S4048-ON S4048-ON:1 %KERN-2-INT: ismt0: smbus reset done

Hi I have strange problem.

When i ping my dell S4048-ON switch ( OS 9.14(2.0) ) i have latency<1ms but sometimes this time increase to 800-1000ms . When this happen in log i have information :

S4048-ON:1 %KERN-2-INT: ismt0: smbus reset done

This log entry repeats every 1-2 minutes.

What this mean ?

Moderator

 • 

8.7K Posts

July 11th, 2019 10:00

Hi,

The smbus is the system management bus, so something low level is rebooting. I would try to reflash the firmware and fully power off the switch and boot it up and see if it changes.

29 Posts

July 11th, 2019 23:00

Hi

By writing re-flash the firmware you mean format and install again FTOS OS 9 using ONIE , or something elese ?

 

Moderator

 • 

8.7K Posts

July 12th, 2019 06:00

Yes, that is what I mean.

July 31st, 2020 10:00

Sorry for late reaction:

The message means that the I2C / SMBUS reset logic was activated because one of the I2C communication channels was blocked.

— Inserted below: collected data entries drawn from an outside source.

lemma canon_rep_in_hom_to_alg:
  assumes "c \<in> TF"
  shows "canon_rep R M B phi c \<in> hom_to_alg R M B phi"
proof -
  define S where "S = {p. c p \<noteq> 0}"
  have S: "finite S" "S \<subseteq> dual_mod R M \<times> carrier B" using assms unfolding S_def tensor_free_iff by auto
  have v: "\<And>p x. p \<in> S \<Longrightarrow> x \<in> carrier M \<Longrightarrow> add_pow B (c p) (pure p x) \<in> carrier B"
    using S(2) add_pow_pure_closed by blast
  have eq: "\<And>x. x \<in> carrier M \<Longrightarrow> canon_rep R M B phi c x = (\<Oplus>\<^bsub>B\<^esub>p\<in>S. add_pow B (c p) (pure p x))"
    unfolding canon_rep_def S_def by simp
  have pure_add: "pure p (x \<oplus>\<^bsub>M\<^esub> y) = pure p x \<oplus>\<^bsub>B\<^esub> pure p y"
    if "p \<in> S" "x \<in> carrier M" "y \<in> carrier M" for p x y
    using that S(2) dual_modD(2,3)[of "fst p"] by (auto simp: phi_add phi_closed B.l_distr)
  have pure_smult: "pure p (a \<odot>\<^bsub>M\<^esub> x) = phi a \<otimes>\<^bsub>B\<^esub> pure p x"
    if "p \<in> S" "a \<in> carrier R" "x \<in> carrier M" for p a x
    using that S(2) dual_modD(2,4)[of "fst p"] by (auto simp: phi_mult phi_closed B.m_assoc)
  show ?thesis unfolding hom_to_alg_def
  proof (intro CollectI conjI ballI)
    show "canon_rep R M B phi c \<in> extensional (carrier M)" unfolding canon_rep_def by simp
    show "canon_rep R M B phi c \<in> carrier M \<rightarrow> carrier B" using canon_rep_closed[OF assms] by blast
  next
    fix x y assume xy: "x \<in> carrier M" "y \<in> carrier M"
    have "(\<Oplus>\<^bsub>B\<^esub>p\<in>S. add_pow B (c p) (pure p (x \<oplus>\<^bsub>M\<^esub> y))) =
          (\<Oplus>\<^bsub>B\<^esub>p\<in>S. add_pow B (c p) (pure p x) \<oplus>\<^bsub>B\<^esub> add_pow B (c p) (pure p y))"
      using xy S(2) pure_closed v by (intro B.finsum_cong') (auto simp: pure_add B.add.int_pow_distrib)
    then show "canon_rep R M B phi c (x \<oplus>\<^bsub>M\<^esub> y) = canon_rep R M B phi c x \<oplus>\<^bsub>B\<^esub> canon_rep R M B phi c y"
      using xy v by (simp add: eq Pi_iff)
  next
    fix a x assume ax: "a \<in> carrier R" "x \<in> carrier M"
    have "(\<Oplus>\<^bsub>B\<^esub>p\<in>S. add_pow B (c p) (pure p (a \<odot>\<^bsub>M\<^esub> x))) =
          (\<Oplus>\<^bsub>B\<^esub>p\<in>S. phi a \<otimes>\<^bsub>B\<^esub> add_pow B (c p) (pure p x))"
      using ax S(2) pure_closed phi_closed v by (intro B.finsum_cong') (auto simp: pure_smult B.add_pow_rdistr_int)
    then show "canon_rep R M B phi c (a \<odot>\<^bsub>M\<^esub> x) = phi a \<otimes>\<^bsub>B\<^esub> canon_rep R M B phi c x"
      using ax v S(1) phi_closed by (simp add: eq B.finsum_rdistr Pi_iff)
  qed
qed

lemma rel_gen_add_left:
  "u \<in> dual_mod R M \<Longrightarrow> u' \<in> dual_mod R M \<Longrightarrow> b \<in> carrier B \<Longrightarrow>
   (\<lambda>q. delta (restrict (\<lambda>x. u x \<oplus> u' x) (carrier M), b) q - delta (u, b) q - delta (u', b) q) \<in> REL"
  by (rule tensor_rel.gen) (unfold tensor_gens_def, blast)

lemma rel_gen_add_right:
  "u \<in> dual_mod R M \<Longrightarrow> b \<in> carrier B \<Longrightarrow> b' \<in> carrier B \<Longrightarrow>
   (\<lambda>q. delta (u, b \<oplus>\<^bsub>B\<^esub> b') q - delta (u, b) q - delta (u, b') q) \<in> REL"
  by (rule tensor_rel.gen) (unfold tensor_gens_def, blast)

lemma rel_gen_scalar:
  "a \<in> carrier R \<Longrightarrow> u \<in> dual_mod R M \<Longrightarrow> b \<in> carrier B \<Longrightarrow>
   (\<lambda>q. delta (restrict (\<lambda>x. a \<otimes> u x) (carrier M), b) q - delta (u, phi a \<otimes>\<^bsub>B\<^esub> b) q) \<in> REL"
  by (rule tensor_rel.gen) (unfold tensor_gens_def, blast)

lemma rel_uminus: "r \<in> REL \<Longrightarrow> (\<lambda>q. - r q) \<in> REL"
  using tensor_rel.diff[OF tensor_rel.zero, of r] by simp

lemma rel_add: "r \<in> REL \<Longrightarrow> s \<in> REL \<Longrightarrow> (\<lambda>q. r q + s q) \<in> REL"
  using tensor_rel.diff[OF _ rel_uminus, of r s] by simp

lemma rel_sum: "finite K \<Longrightarrow> (\<And>k. k \<in> K \<Longrightarrow> f k \<in> REL) \<Longrightarrow> (\<lambda>q. \<Sum>k\<in>K. f k q) \<in> REL"
  by (induction K rule: finite_induct) (auto intro: tensor_rel.zero rel_add)
lemma maximal_rigid_wing_Z_ext1_zero:
  assumes mr: "basic_maximal_rigid n T" and Y: "(a,b) \<in> T" and X: "(a,b') \<in> T"
    and "b + 2 \<le> b'" and gap: "\<And>v. b < v \<Longrightarrow> v < b' \<Longrightarrow> (a,v) \<notin> T" and U: "(u,v) \<in> T"
  shows "ext1_zero n ((a + b + 1) mod n, b' - b - 1) (u,v) \<and>
    ext1_zero n (u,v) ((a + b + 1) mod n, b' - b - 1)"
proof -
  define z where "z = (a + b + 1) mod n"
  define e where "e = b' - b - 1"
  define p where "p = cyc_dist n a u"
  have bounds: "a < n" "0 < b" "b' < n" "u < n" "0 < v" "v < n"
    using maximal_rigid_summand[OF mr] X Y U by blast+
  have z: "z < n" "cyc_dist n a z = b + 1"
    using bounds \<open>b + 2 \<le> b'\<close> cyc_dist_add_mod[of a n "b + 1"] by (simp_all add: z_def)
  have b': "int b' = int b + 1 + int e" and e: "e < n"
    using bounds \<open>b + 2 \<le> b'\<close> by (simp_all add: e_def)
  have dists: "int (cyc_dist n u a) = (if int p = 0 then 0 else int n - int p)"
    "int (cyc_dist n z u) =
      (if int b + 1 \<le> int p then int p - (int b + 1) else int p + int n - (int b + 1))"
    "int (cyc_dist n u z) =
      (if int p \<le> int b + 1 then int b + 1 - int p else int b + 1 + int n - int p)"
    using int_cyc_dist_via[of a n u a] int_cyc_dist_via[of a n z u] int_cyc_dist_via[of a n u z]
      bounds z by (auto simp: p_def)
  have between: "\<not> (int p = 0 \<and> int b < int v \<and> int v < int b + 1 + int e)"
    using gap[of v] U bounds b' by (auto simp: p_def cyc_dist_eq_0_iff)
  have num: "0 < int b" "0 < int e" "int b + 1 + int e < int n" "0 \<le> int p" "int p < int n"
    "0 < int v" "int v < int n"
    using bounds \<open>b + 2 \<le> b'\<close> b' cyc_dist_less[of n a u] by (simp_all add: p_def e_def)
  have "ext_vanishes (int n) (int p) (int b) (int v)"
    "ext_vanishes (int n) (if int p = 0 then 0 else int n - int p) (int v) (int b)"
    "ext_vanishes (int n) (int p) (int b + 1 + int e) (int v)"
    "ext_vanishes (int n) (if int p = 0 then 0 else int n - int p) (int v) (int b + 1 + int e)"
    unfolding dists(1)[symmetric] b'[symmetric] ext_vanishes_int_iff
    using maximal_rigid_ext_vanishes[OF mr Y U] maximal_rigid_ext_vanishes[OF mr U Y]
      maximal_rigid_ext_vanishes[OF mr X U] maximal_rigid_ext_vanishes[OF mr U X]
    by (simp_all add: p_def)
  note ext_vanishes_wing_Z[OF num this between, folded dists(2,3), unfolded ext_vanishes_int_iff]
  then show ?thesis
    unfolding z_def[symmetric] e_def[symmetric] using bounds z e by (simp add: ext1_zero_iff)
qed

lemma maximal_rigid_wing_Z_mem:
  assumes mr: "basic_maximal_rigid n T" and Y: "(a,b) \<in> T" and X: "(a,b') \<in> T"
    and "b + 2 \<le> b'" and gap: "\<And>v. b < v \<Longrightarrow> v < b' \<Longrightarrow> (a,v) \<notin> T"
  shows "((a + b + 1) mod n, b' - b - 1) \<in> T"
proof (rule maximal_rigid_memI[OF mr])
  have "a < n" "b' < n"
    using maximal_rigid_summand[OF mr] X by blast+
  with \<open>b + 2 \<le> b'\<close> show "valid_ind n ((a + b + 1) mod n, b' - b - 1)"
    "ext1_zero n ((a + b + 1) mod n, b' - b - 1) ((a + b + 1) mod n, b' - b - 1)"
    by (simp_all add: valid_ind_def ext1_zero_iff ext_vanishes_def)
  show "ext1_zero n ((a + b + 1) mod n, b' - b - 1) U \<and> ext1_zero n U ((a + b + 1) mod n, b' - b - 1)"
    if "U \<in> T" for U
    using that maximal_rigid_wing_Z_ext1_zero[OF assms] by (cases U) blast
qed

lemma maximal_rigid_wing_Y_ext1_zero:
  assumes mr: "basic_maximal_rigid n T" and X: "(a,b) \<in> T" and Z: "((a + r) mod n, b - r) \<in> T"
    and "1 < r" "r < b" and gap: "\<And>p. 0 < p \<Longrightarrow> p < r \<Longrightarrow> ((a + p) mod n, b - p) \<notin> T"
    and U: "(u,v) \<in> T"
  shows "ext1_zero n (a, r - 1) (u,v) \<and> ext1_zero n (u,v) (a, r - 1)"
proof -
  define z where "z = (a + r) mod n"
  define e where "e = b - r"
  define p where "p = cyc_dist n a u"
  have bounds: "a < n" "b < n" "u < n" "0 < v" "v < n"
    using maximal_rigid_summand[OF mr] X U by blast+
  have z: "z < n" "cyc_dist n a z = r"
    using bounds \<open>r < b\<close> by (simp_all add: z_def cyc_dist_add_mod)
  have b: "int b = int r + int e" and r1: "int (r - 1) = int r - 1"
    using \<open>1 < r\<close> \<open>r < b\<close> by (simp_all add: e_def of_nat_diff)
  have dists: "int (cyc_dist n u a) = (if int p = 0 then 0 else int n - int p)"
    "int (cyc_dist n z u) = (if int r \<le> int p then int p - int r else int p + int n - int r)"
    "int (cyc_dist n u z) = (if int p \<le> int r then int r - int p else int r + int n - int p)"
    using int_cyc_dist_via[of a n u a] int_cyc_dist_via[of a n z u] int_cyc_dist_via[of a n u z]
      bounds z by (auto simp: p_def)
  have "(u,v) \<noteq> ((a + p) mod n, b - p)" if "0 < p" "p < r"
    using gap[OF that] U by auto
  then have between: "\<not> (0 < int p \<and> int p < int r \<and> int v + int p = int r + int e)"
    using bounds b \<open>r < b\<close> by (auto simp: p_def mod_add_cyc_dist)
  have num: "1 < int r" "0 < int e" "int r + int e < int n" "0 \<le> int p" "int p < int n"
    "0 < int v" "int v < int n"
    using bounds b \<open>1 < r\<close> \<open>r < b\<close> cyc_dist_less[of n a u] by (simp_all add: p_def e_def)
  have "ext_vanishes (int n) (int p) (int r + int e) (int v)"
    "ext_vanishes (int n) (if int p = 0 then 0 else int n - int p) (int v) (int r + int e)"
    "ext_vanishes (int n) (if int r \<le> int p then int p - int r else int p + int n - int r) (int e) (int v)"
    "ext_vanishes (int n) (if int p \<le> int r then int r - int p else int r + int n - int p) (int v) (int e)"
    unfolding dists[symmetric] b[symmetric] ext_vanishes_int_iff
    using maximal_rigid_ext_vanishes[OF mr X U] maximal_rigid_ext_vanishes[OF mr U X]
      maximal_rigid_ext_vanishes[OF mr Z U] maximal_rigid_ext_vanishes[OF mr U Z]
    by (simp_all add: p_def z_def e_def)
  note ext_vanishes_wing_Y[OF num this between, folded dists(1) r1, unfolded ext_vanishes_int_iff]
  then show ?thesis
    using bounds \<open>r < b\<close> by (simp add: ext1_zero_iff p_def)
qed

On the S4048-ON switches this is nearly always caused by a SFP/QSFP that is to 'chatty' on the I2C communication channel and blocking communication on the entire shared bus - which can then cause other components in the switch not being able to 'talk' to the switch management system (the OS running on the CPU) and in worst case the CPU might think that the rest of the system is 'unresponsive' as it doesn't get any data from the sub-components and might do a 'hardware watchdog reboot'.

When the OS notices that no communication is coming in on the I2C communication channel (or sees actively that one component keeps the channel busy) he will try to reset the I2C communication and do a smbus reset: and the message above is the notification that the reset logic was started and completed.

If you see this message often it is in nearly all cases a bad optic: it might work perfectly for communication - but reading out fabrication data (content of EEPROM in the SFP) and operational data (eg temperature, optical TX and RX power levels etc) and this bad communication locks up the smbus

Do check the optics in your switch via: show inventory media

and check any SFP/SFP+/QSFP that is not Dell qualified.  If possible replace them for Dell qualified versions of that optics.

And if you see any 1GbaseT SFP's do check them out: there are some old (Dell branded) 1GbaseT SFP's that do cause problems on Dell switches and on the S4048-ON they can cause issues. If you want to know if these cause the issue just remove them for 5-10 minutes and see if you still see the smbus reset messages.

If you find a Dell branded 1GbaseT SFP that causes these messages consider opening a case with Dell.  Do get the partnumber and/or PPID number prior to calling: you will need to check on the SFP itself for the partnumber (6 digits starting with a 0) or PPID as printed on the side of the SFP.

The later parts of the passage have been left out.